Assignment:
Go line by line through the data below and count those with the string "type". Give the number only.

Items from a data source:
BEGIN
(* In the timely decision problem described in the context, fix $\eta$ and a state $(\mu_t,\nu_t)$ with $\nu_t=1$ and $\mu_t\notin\mathcal{T}(\eta)$. Take the uncertainty function $U=V^*(\cdot,\cdot;\eta)$ in the definition of the surprise $I_t$. Then there is a function $h$, increasing in each of its two arguments, such that the optimal acquisition is $$\lambda_t^*=\arg\sup_{\lambda\in\Lambda}\Big(h\big(I_t(\lambda),S_t(\lambda)\big)-\eta_{c,\lambda}c_\lambda\Big),$$ i.e. the optimal acquisition trades off surprise and suspense in addition to the immediate cost of acquisition.
   Context: $\Theta,\Lambda,\Omega$ finite nonempty; $\Delta(\Theta)$ the simplex. For $\theta\in\Theta,\lambda\in\Lambda$: known distributions $q_{\theta,\lambda}$ on $\Omega$ and $p_{\theta,\lambda}\in(0,1)$. Latent $\theta\sim\mu_0$. Survival $\nu_t$, $\nu_0=1$. At time $t$ with $\nu_t=1$ the agent either commits to a decision $\hat\theta\in\Theta$ or performs $\lambda_t\in\Lambda$; given $\theta$, $\nu_{t+1}=0$ w.p. $p_{\theta,\lambda_t}$, else $\nu_{t+1}=1$ and $\omega_{t+1}\sim q_{\theta,\lambda_t}$ is observed. Deadline $\delta=\min\{t:\nu_t=0\}$, $\tau=\min\{\delta,\sigma\}$ with $\sigma$ the decision time. Posterior updates: $M(\lambda,\mu,\omega)(\theta)\propto(1-p_{\theta,\lambda})q_{\theta,\lambda}(\omega)\mu(\theta)$, $\bar M(\lambda,\mu)(\theta)\propto p_{\theta,\lambda}\mu(\theta)$. Costs $c_\lambda>0$; weights $\eta=(\eta_a,\eta_b,\eta_c)$ with positive entries. Loss $\ell=\sum_{\theta'}\eta_{a,\theta'}\mathbf 1\{\theta=\theta',\theta\neq\hat\theta,\tau<\delta\}+\sum_{\theta'}\eta_{b,\theta'}\mathbf 1\{\theta=\theta',\tau=\delta\}+\sum_{t<\tau}\eta_{c,\lambda_t}c_{\lambda_t}$. $V^*(\mu,\nu;\eta)$ is the optimal expected to-go loss. $\bar Q_{\hat\theta}(\mu,\nu;\eta)=(1-\nu)\sum_{\theta'}\eta_{b,\theta'}\mu(\theta')+\nu\sum_{\theta'\ne\hat\theta}\eta_{a,\theta'}\mu(\theta')$, $\bar Q=\min_{\hat\theta}\bar Q_{\hat\theta}$; $Q^*_\lambda(\mu,\nu;\eta)=(1-\nu)V^*(\mu,0;\eta)+\eta_{c,\lambda}c_\lambda+\nu\big(V^*(\bar M(\lambda,\mu),0;\eta)\sum_{\theta'}p_{\theta',\lambda}\mu(\theta')+\sum_\omega V^*(M(\lambda,\mu,\omega),1;\eta)\sum_{\theta'}(1-p_{\theta',\lambda})q_{\theta',\lambda}(\omega)\mu(\theta')\big)$, $Q^*=\min_\lambda Q^*_\lambda$; the optimal acquisition is $\lambda_t^*=\arg\inf_\lambda Q^*_\lambda(\mu_t,\nu_t;\eta)$. Termination set $\mathcal T(\eta)=\{\mu:Q^*(\mu,\nu_t;\eta)\ge\bar Q(\mu,\nu_t;\eta)\}$. For $U:\Delta(\Theta)\times\{0,1\}\to\mathbb{R}_+$, $(\mathbb{M}_\lambda U)(\mu,\nu)=(1-\nu)U(\mu,\nu)+\nu\,\mathbb{E}[U(M(\lambda,\mu,\omega),1)]$, where $\omega$ has the conditional law given survival, $\mathbb{P}(\omega)=\sum_{\theta'}(1-p_{\theta',\lambda})q_{\theta',\lambda}(\omega)\mu(\theta')/(1-\sum_{\theta'}p_{\theta',\lambda}\mu(\theta'))$. Surprise: $I_t(\lambda)=U(\mu_t,\nu_t)-\big(1-\sum_{\theta'}p_{\theta',\lambda}\mu_t(\theta')\big)(\mathbb{M}_\lambda U)(\mu_t,\nu_t)$. Suspense: $S_t(\lambda)=1-\frac{\sum_{\theta'}\eta_{b,\theta'}p_{\theta',\lambda}\mu_t(\theta')}{\sum_{\theta'}\eta_{b,\theta'}\mu_t(\theta')}$. *)

theory Defs
  imports "HOL-Analysis.Analysis"
begin

text \<open>Latent states: finite type 'th (Theta); acquisitions:
finite type 'l (Lambda); observations: finite type 'o (Omega).
Beliefs mu are functions 'th \<Rightarrow> real (elements of the simplex when nonnegative and summing to 1).
Survival indicator nu is a bool (True = 1 = alive, False = 0 = deadline reached).
Model data: p th l = p_{theta,lambda}; q th l om = q_{theta,lambda}(omega); c l = c_lambda;
weights ea = eta_a, eb = eta_b, ec = eta_c.\<close>

definition nu_r :: "bool \<Rightarrow> real" where
  "nu_r nu = (if nu then 1 else 0)"

definition in_simplex :: "('th::finite \<Rightarrow> real) \<Rightarrow> bool" where
  "in_simplex mu \<longleftrightarrow> (\<forall>th. 0 \<le> mu th) \<and> (\<Sum>th\<in>UNIV. mu th) = 1"

definition death_prob :: "('th::finite \<Rightarrow> 'l \<Rightarrow> real) \<Rightarrow> 'l \<Rightarrow> ('th \<Rightarrow> real) \<Rightarrow> real" where
  "death_prob p l mu = (\<Sum>th\<in>UNIV. p th l * mu th)"

definition joint_obs :: "('th::finite \<Rightarrow> 'l \<Rightarrow> real) \<Rightarrow> ('th \<Rightarrow> 'l \<Rightarrow> 'o \<Rightarrow> real)
    \<Rightarrow> 'l \<Rightarrow> ('th \<Rightarrow> real) \<Rightarrow> 'o \<Rightarrow> real" where
  "joint_obs p q l mu om = (\<Sum>th\<in>UNIV. (1 - p th l) * q th l om * mu th)"
(* Let $(x_i^k)$, $(y_i^k)$ ($i=1,\dots,n$) and $(z^k)$ be generated by Algorithm PS (under (A1)–(A7)). Then for every $k\ge0$, every $i\in\{1,\dots,n\}$ and every $(r_i,a_i)$ with $a_i\in A_i(r_i)$, $$\langle r_i-x_i^k,\ y_i^k-(B_i+C_i+D_i)(r_i)-a_i\rangle\le\frac1{4\beta_i}\|x_i^k-G_iz^k\|^2.$$
   Context: Standing setting. Let $\mathcal H_0,\dots,\mathcal H_{n-1}$ be real Hilbert spaces ($n\ge2$) and $\mathcal H_n:=\mathcal H_0$. Conventions: $0\cdot\infty=0$, $r\cdot\infty=\infty$ for $r>0$, $1/\infty=0$, $1/0=\infty$. For each $i=1,\dots,n$: (A1) $G_i:\mathcal H_0\to\mathcal H_i$ is bounded linear and $G_n=I$; (A2) $A_i:\mathcal H_i\rightrightarrows\mathcal H_i$ is maximal monotone; (A3) $B_i:\mathcal H_i\to\mathcal H_i$ is monotone and $\ell_i$-Lipschitz, $\ell_i\in[0,\infty)$; (A4) $C_i:\mathcal H_i\to\mathcal H_i$ is $\beta_i$-cocoercive with $\beta_i\in(0,\infty]$, i.e. $\langle x-y,C_ix-C_iy\rangle\ge\beta_i\|C_ix-C_iy\|^2$ for all $x,y$ (so $\beta_i=\infty$ means $C_i$ is constant, and then $1/(4\beta_i)=0$); (A5) $D_i:\mathcal H_i\to\mathcal H_i$ is monotone and continuously differentiable with $\|D_i'(x)-D_i'(y)\|\le m_i\|x-y\|$ for all $x,y$, $m_i\in[0,\infty)$; (A6) with $T_i:=A_i+B_i+C_i+D_i$, the inclusion $0\in\sum_{i=1}^nG_i^*T_i(G_iz)$ has at least one solution $z\in\mathcal H_0$; (A7) there is $\mathcal I_D\subset\{1,\dots,n\}$ with $m_i>0$ for $i\in\mathcal I_D$ and $m_i=0$, $D_i=0$ for $i\notin\mathcal I_D$. Notation: $D_{i,(u)}(x):=D_i(u)+D_i'(u)(x-u)$; for a maximal monotone $S$, $J_S:=(S+I)^{-1}$. $\boldsymbol{\mathcal H}:=\mathcal H_0\times\mathcal H_1\times\cdots\times\mathcal H_{n-1}$ with inner product $\langle p,\tilde p\rangle_\gamma:=\gamma\langle z,\tilde z\rangle+\sum_{i=1}^{n-1}\langle w_i,\tilde w_i\rangle$ for $p=(z,w_1,\dots,w_{n-1})$, $\tilde p=(\tilde z,\tilde w_1,\dots,\tilde w_{n-1})$, and norm $\|\cdot\|_\gamma$; for such $p$ one writes $w_n:=-\sum_{i=1}^{n-1}G_i^*w_i$. The extended solution set is $\mathcal S:=\{p\in\boldsymbol{\mathcal H}: w_i\in T_i(G_iz),\ i=1,\dots,n\}$ (with $w_n$ as just defined). Algorithm PS. Input: $(z^0,w_1^0,\dots,w_{n-1}^0)\in\boldsymbol{\mathcal H}$, $0<\underline\tau<\overline\tau<2$, $0<\underline\theta<\overline\theta<2$, $\hat\rho>0$, $\hat\delta>0$, $\gamma>0$; $w_n^0:=-\sum_{i=1}^{n-1}G_i^*w_i^0$. For $k=0,1,2,\dots$: for each $i=1,\dots,n$ define $(\rho_i^k,x_i^k,y_i^k)$ as follows. (i) If $w_i^k\in T_i(G_iz^k)$: $\rho_i^k=\hat\rho$, $x_i^k=G_iz^k$, $y_i^k=w_i^k$. (ii) Otherwise, if $i\in\mathcal I_D$: $\rho_i^k>0$ and $x_i^k=J_{\rho_i^k(A_i+D_{i,(G_iz^k)})}\big(G_iz^k+\rho_i^kw_i^k-\rho_i^k(B_i+C_i)(G_iz^k)\big)$ satisfy $\underline\theta\le4\ell_i^2(\rho_i^k)^2+(\beta_i^{-1}+\hat\delta)\rho_i^k+(m_i\rho_i^k\|x_i^k-G_iz^k\|)^2\le\overline\theta$, and $y_i^k=\frac{G_iz^k-x_i^k}{\rho_i^k}+w_i^k+[B_i(x_i^k)-B_i(G_iz^k)]+[D_i(x_i^k)-D_{i,(G_iz^k)}(x_i^k)]$. (iii) Otherwise ($i\notin\mathcal I_D$): some $\rho_i^k>0$ is chosen, $x_i^k=J_{\rho_i^kA_i}\big(G_iz^k+\rho_i^kw_i^k-\rho_i^k(B_i+C_i)(G_iz^k)\big)$ and $y_i^k=\frac{G_iz^k-x_i^k}{\rho_i^k}+w_i^k+[B_i(x_i^k)-B_i(G_iz^k)]$. Then set $u_i^k=x_i^k-G_ix_n^k$ ($i=1,\dots,n-1$), $v^k=\sum_{i=1}^nG_i^*y_i^k$, $\varphi_k=\langle z^k,v^k\rangle+\sum_{i=1}^{n-1}\langle w_i^k,u_i^k\rangle-\sum_{i=1}^n\big[\langle x_i^k,y_i^k\rangle+\frac1{4\beta_i}\|x_i^k-G_iz^k\|^2\big]$, $\pi_k=\gamma^{-1}\|v^k\|^2+\sum_{i=1}^{n-1}\|u_i^k\|^2$. If $\varphi_k>0$: choose $\tau_k\in[\underline\tau,\overline\tau]$, $\alpha_k=\tau_k\varphi_k/\pi_k$, $z^{k+1}=z^k-\gamma^{-1}\alpha_kv^k$, $w_i^{k+1}=w_i^k-\alpha_ku_i^k$ ($i=1,\dots,n-1$); otherwise $z^{k+1}=z^k$, $w_i^{k+1}=w_i^k$. Finally $w_n^{k+1}=-\sum_{i=1}^{n-1}G_i^*w_i^{k+1}$. *)

theory Defs
  imports "HOL-Analysis.Analysis"
begin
END
Task output:
2